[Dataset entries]
• • •
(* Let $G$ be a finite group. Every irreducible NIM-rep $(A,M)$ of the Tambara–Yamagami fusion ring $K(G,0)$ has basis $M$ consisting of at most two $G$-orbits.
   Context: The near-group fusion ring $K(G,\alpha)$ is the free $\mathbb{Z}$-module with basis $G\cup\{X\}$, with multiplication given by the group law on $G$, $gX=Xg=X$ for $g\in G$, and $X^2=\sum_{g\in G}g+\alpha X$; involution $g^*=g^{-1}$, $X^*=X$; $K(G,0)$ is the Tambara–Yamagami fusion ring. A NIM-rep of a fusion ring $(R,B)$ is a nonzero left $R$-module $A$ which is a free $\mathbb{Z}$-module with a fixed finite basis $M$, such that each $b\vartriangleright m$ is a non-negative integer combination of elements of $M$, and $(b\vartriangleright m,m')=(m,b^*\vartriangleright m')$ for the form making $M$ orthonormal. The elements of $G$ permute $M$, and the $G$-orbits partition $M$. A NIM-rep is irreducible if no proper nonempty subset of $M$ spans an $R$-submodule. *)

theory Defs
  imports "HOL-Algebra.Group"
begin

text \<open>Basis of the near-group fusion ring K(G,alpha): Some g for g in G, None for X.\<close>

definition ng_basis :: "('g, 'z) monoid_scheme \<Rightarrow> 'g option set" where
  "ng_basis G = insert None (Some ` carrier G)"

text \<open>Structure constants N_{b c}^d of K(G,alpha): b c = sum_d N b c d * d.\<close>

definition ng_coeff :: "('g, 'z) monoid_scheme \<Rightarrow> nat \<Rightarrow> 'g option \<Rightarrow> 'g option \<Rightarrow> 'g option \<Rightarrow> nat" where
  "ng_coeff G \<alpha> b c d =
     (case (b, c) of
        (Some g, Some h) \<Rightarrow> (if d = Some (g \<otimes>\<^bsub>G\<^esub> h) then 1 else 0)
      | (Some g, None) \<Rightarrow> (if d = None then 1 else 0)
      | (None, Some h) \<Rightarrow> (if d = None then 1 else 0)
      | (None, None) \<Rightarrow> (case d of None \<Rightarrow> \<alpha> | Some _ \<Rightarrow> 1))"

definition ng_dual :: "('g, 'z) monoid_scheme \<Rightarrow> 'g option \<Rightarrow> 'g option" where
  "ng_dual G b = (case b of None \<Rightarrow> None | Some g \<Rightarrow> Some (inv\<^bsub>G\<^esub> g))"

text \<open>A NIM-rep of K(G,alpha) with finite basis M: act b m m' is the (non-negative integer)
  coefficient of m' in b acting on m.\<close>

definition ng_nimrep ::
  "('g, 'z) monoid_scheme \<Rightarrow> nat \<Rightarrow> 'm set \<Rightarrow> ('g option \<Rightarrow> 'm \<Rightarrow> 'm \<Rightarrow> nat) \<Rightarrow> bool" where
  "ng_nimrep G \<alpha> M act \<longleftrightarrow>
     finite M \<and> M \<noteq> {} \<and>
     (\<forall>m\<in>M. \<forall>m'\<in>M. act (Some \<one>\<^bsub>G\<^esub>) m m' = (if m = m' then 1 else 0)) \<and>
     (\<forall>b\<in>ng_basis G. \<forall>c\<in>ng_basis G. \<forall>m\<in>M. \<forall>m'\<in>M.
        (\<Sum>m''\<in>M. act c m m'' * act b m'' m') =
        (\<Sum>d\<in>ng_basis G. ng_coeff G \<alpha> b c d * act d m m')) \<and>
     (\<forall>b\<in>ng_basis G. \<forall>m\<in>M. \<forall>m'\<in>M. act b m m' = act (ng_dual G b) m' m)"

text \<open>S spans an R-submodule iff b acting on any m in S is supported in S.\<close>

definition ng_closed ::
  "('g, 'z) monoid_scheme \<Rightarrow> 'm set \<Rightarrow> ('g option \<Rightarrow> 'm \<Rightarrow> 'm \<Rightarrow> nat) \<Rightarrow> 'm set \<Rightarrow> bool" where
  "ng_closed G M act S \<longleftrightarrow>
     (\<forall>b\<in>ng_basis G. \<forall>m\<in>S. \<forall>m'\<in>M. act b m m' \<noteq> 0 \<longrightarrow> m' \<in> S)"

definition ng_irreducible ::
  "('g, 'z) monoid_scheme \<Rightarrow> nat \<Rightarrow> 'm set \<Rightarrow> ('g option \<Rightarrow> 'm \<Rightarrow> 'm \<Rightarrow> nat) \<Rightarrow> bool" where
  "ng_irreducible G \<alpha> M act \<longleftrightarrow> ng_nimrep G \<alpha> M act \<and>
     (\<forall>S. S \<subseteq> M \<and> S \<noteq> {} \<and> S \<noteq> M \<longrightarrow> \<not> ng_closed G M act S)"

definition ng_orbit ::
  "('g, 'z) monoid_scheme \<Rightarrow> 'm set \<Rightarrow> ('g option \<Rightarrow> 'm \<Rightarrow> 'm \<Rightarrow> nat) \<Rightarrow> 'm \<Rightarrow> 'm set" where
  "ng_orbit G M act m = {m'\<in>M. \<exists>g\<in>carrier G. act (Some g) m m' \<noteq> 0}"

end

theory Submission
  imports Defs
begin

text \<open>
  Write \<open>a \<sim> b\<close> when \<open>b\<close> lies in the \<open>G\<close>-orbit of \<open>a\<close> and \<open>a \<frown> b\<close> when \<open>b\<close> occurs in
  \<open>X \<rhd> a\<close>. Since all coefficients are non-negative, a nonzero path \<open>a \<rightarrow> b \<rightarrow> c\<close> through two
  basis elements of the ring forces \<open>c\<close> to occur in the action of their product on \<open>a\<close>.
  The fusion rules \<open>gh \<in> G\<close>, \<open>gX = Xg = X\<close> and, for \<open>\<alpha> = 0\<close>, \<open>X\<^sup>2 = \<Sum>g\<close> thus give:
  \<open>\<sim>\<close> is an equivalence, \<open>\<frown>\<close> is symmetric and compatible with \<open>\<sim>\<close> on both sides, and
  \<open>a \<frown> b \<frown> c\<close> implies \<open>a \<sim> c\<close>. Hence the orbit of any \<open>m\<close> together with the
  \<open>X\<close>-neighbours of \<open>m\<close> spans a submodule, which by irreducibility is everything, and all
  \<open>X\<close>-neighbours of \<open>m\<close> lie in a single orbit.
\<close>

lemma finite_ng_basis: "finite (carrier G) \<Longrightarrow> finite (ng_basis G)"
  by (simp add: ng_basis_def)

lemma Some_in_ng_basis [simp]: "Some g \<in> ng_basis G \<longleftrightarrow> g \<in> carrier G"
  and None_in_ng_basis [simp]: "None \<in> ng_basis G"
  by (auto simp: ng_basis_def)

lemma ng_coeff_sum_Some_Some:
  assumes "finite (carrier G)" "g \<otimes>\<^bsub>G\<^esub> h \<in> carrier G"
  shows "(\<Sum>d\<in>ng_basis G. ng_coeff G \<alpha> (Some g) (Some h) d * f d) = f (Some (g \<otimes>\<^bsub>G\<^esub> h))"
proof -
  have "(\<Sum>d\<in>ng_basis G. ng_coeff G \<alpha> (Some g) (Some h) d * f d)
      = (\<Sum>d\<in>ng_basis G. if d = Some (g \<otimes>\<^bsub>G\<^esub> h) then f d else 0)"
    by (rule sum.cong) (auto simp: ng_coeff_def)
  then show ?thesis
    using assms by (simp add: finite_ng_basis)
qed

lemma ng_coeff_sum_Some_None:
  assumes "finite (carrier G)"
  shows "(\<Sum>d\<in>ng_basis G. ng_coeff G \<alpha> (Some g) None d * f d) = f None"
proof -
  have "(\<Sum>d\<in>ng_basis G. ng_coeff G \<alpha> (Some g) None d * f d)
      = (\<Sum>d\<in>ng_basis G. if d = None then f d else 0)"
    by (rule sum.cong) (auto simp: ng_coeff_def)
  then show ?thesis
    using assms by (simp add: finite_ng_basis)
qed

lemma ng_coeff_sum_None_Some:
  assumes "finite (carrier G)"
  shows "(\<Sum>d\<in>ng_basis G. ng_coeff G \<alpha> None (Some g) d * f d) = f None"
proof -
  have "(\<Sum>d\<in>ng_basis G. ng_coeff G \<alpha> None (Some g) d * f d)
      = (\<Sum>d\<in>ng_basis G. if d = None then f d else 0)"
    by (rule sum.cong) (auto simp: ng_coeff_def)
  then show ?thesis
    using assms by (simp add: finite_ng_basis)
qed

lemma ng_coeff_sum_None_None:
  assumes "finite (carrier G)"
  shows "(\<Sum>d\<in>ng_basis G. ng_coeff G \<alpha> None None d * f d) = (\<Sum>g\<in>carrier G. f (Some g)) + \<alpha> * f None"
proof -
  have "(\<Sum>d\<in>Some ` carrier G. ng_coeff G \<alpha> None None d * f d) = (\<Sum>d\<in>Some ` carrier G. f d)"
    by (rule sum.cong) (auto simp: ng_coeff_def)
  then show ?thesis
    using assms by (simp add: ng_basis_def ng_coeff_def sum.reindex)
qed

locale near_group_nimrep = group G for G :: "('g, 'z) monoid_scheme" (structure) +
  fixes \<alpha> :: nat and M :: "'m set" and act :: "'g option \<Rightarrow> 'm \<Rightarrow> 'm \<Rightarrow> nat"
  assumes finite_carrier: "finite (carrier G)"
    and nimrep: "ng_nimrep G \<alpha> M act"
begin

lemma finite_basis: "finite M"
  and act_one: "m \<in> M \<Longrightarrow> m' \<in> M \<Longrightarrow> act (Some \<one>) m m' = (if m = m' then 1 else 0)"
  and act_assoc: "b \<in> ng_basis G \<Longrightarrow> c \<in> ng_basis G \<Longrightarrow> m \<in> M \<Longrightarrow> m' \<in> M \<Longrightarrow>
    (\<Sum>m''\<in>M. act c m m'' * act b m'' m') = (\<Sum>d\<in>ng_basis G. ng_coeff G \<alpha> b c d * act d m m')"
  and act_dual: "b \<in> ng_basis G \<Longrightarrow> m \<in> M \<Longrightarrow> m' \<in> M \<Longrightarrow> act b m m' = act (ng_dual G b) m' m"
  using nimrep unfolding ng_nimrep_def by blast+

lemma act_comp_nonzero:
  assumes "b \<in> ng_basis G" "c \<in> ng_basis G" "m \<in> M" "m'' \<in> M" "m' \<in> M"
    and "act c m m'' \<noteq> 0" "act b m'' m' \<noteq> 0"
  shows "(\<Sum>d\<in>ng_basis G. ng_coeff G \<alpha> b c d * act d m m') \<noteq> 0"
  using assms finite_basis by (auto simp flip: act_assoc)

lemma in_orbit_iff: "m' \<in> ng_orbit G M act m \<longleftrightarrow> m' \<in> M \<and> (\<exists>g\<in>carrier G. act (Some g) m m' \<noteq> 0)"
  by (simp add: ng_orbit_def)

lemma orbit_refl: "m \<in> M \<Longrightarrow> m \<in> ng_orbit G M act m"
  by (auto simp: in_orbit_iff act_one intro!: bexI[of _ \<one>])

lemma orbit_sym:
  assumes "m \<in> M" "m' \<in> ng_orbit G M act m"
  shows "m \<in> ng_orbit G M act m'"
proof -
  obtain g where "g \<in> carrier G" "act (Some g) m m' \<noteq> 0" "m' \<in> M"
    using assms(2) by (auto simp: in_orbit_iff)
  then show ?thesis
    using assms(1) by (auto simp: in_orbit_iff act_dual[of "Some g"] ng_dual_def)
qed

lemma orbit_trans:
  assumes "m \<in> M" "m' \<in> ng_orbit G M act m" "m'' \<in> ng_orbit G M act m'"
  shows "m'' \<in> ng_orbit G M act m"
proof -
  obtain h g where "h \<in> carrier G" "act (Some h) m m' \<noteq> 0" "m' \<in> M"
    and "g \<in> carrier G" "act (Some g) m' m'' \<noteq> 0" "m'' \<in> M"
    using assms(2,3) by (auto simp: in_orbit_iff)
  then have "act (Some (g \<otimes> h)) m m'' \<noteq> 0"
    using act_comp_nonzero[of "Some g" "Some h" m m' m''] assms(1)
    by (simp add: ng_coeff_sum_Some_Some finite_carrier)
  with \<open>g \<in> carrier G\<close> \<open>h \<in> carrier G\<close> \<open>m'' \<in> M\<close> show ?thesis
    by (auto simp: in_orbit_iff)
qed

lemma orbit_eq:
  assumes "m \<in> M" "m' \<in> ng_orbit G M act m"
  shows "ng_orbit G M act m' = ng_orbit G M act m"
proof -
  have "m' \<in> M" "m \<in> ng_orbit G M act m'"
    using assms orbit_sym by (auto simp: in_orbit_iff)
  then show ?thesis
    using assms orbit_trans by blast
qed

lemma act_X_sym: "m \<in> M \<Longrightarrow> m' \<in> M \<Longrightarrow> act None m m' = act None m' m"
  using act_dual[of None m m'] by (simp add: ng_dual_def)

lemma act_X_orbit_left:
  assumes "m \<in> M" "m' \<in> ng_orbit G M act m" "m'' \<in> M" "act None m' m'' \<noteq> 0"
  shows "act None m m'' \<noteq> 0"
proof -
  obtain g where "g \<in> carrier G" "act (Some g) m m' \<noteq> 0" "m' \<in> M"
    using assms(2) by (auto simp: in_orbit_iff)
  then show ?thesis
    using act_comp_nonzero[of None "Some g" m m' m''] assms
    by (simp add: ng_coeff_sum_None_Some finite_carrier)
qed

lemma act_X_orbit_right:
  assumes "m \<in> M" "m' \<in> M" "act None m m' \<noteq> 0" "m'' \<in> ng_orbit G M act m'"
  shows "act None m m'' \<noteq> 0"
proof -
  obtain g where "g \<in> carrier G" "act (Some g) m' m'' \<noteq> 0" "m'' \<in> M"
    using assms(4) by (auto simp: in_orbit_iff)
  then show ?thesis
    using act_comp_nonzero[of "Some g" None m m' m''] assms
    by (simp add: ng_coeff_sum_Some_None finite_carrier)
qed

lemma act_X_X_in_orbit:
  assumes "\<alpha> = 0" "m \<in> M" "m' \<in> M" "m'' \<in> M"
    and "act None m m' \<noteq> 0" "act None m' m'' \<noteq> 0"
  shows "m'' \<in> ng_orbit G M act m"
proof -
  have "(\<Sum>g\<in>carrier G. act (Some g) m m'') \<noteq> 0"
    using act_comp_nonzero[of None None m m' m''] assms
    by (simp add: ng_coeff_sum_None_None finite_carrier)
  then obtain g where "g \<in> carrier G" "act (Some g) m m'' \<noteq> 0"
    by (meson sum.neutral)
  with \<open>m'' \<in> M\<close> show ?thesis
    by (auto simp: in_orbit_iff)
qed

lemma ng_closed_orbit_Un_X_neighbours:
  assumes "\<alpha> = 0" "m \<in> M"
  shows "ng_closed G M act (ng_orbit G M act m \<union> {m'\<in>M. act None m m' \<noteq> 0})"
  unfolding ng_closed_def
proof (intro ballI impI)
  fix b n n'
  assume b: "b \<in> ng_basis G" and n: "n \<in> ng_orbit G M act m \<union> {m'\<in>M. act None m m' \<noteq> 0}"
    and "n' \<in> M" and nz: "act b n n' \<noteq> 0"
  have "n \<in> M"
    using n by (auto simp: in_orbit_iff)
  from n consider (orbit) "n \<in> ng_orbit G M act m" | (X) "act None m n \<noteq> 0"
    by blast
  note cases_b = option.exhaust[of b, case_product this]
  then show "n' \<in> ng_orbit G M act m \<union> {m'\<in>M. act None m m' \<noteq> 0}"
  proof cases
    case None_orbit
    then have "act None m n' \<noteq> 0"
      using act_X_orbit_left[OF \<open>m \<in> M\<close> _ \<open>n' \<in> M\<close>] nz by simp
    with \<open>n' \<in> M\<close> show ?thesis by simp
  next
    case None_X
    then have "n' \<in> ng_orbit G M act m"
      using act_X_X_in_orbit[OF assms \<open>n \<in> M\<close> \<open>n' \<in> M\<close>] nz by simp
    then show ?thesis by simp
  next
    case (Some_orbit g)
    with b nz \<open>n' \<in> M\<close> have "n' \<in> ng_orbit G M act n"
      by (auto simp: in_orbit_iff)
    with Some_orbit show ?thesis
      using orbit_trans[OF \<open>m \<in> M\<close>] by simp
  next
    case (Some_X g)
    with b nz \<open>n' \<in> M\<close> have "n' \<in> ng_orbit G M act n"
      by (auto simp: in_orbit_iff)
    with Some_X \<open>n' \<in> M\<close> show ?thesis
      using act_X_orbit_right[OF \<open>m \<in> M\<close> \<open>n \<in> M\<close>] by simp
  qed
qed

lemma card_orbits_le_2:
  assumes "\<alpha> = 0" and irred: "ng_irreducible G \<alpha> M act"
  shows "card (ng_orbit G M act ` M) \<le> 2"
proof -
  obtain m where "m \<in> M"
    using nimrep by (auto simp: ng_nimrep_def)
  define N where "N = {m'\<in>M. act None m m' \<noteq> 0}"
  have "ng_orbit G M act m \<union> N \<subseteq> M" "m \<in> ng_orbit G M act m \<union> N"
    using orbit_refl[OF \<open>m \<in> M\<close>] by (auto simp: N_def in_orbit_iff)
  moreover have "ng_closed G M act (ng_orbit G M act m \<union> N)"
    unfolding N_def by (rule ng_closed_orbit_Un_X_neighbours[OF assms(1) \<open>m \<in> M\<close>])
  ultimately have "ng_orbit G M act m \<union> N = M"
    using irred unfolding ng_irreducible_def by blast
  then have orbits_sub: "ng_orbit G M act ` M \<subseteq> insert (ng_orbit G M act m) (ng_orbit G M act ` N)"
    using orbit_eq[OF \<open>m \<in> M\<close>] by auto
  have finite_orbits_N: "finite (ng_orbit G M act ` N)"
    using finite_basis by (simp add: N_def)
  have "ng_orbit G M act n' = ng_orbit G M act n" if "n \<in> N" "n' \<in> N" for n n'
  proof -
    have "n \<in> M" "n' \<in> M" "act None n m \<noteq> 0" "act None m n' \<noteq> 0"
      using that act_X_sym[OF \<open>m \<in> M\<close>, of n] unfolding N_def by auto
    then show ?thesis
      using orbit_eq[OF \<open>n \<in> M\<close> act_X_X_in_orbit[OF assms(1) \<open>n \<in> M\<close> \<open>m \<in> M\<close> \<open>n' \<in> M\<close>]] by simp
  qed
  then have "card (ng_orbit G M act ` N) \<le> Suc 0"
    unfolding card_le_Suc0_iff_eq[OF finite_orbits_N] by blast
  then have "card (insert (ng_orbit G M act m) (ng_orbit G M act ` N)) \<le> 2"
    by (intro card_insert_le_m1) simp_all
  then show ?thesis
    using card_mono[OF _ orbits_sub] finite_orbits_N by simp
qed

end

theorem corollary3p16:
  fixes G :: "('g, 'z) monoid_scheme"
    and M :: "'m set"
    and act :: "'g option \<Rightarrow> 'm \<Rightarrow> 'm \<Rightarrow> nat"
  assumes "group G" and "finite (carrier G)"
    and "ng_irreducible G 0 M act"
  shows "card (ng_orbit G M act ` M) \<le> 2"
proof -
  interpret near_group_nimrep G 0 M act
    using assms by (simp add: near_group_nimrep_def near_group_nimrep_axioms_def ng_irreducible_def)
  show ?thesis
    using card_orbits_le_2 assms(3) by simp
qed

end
• • •
Copy out every line in the entries above that holds "acting".

* [Solution to the exercise]:
  coefficient of m' in b acting on m.\<close>
text \<open>S spans an R-submodule iff b acting on any m in S is supported in S.\<close>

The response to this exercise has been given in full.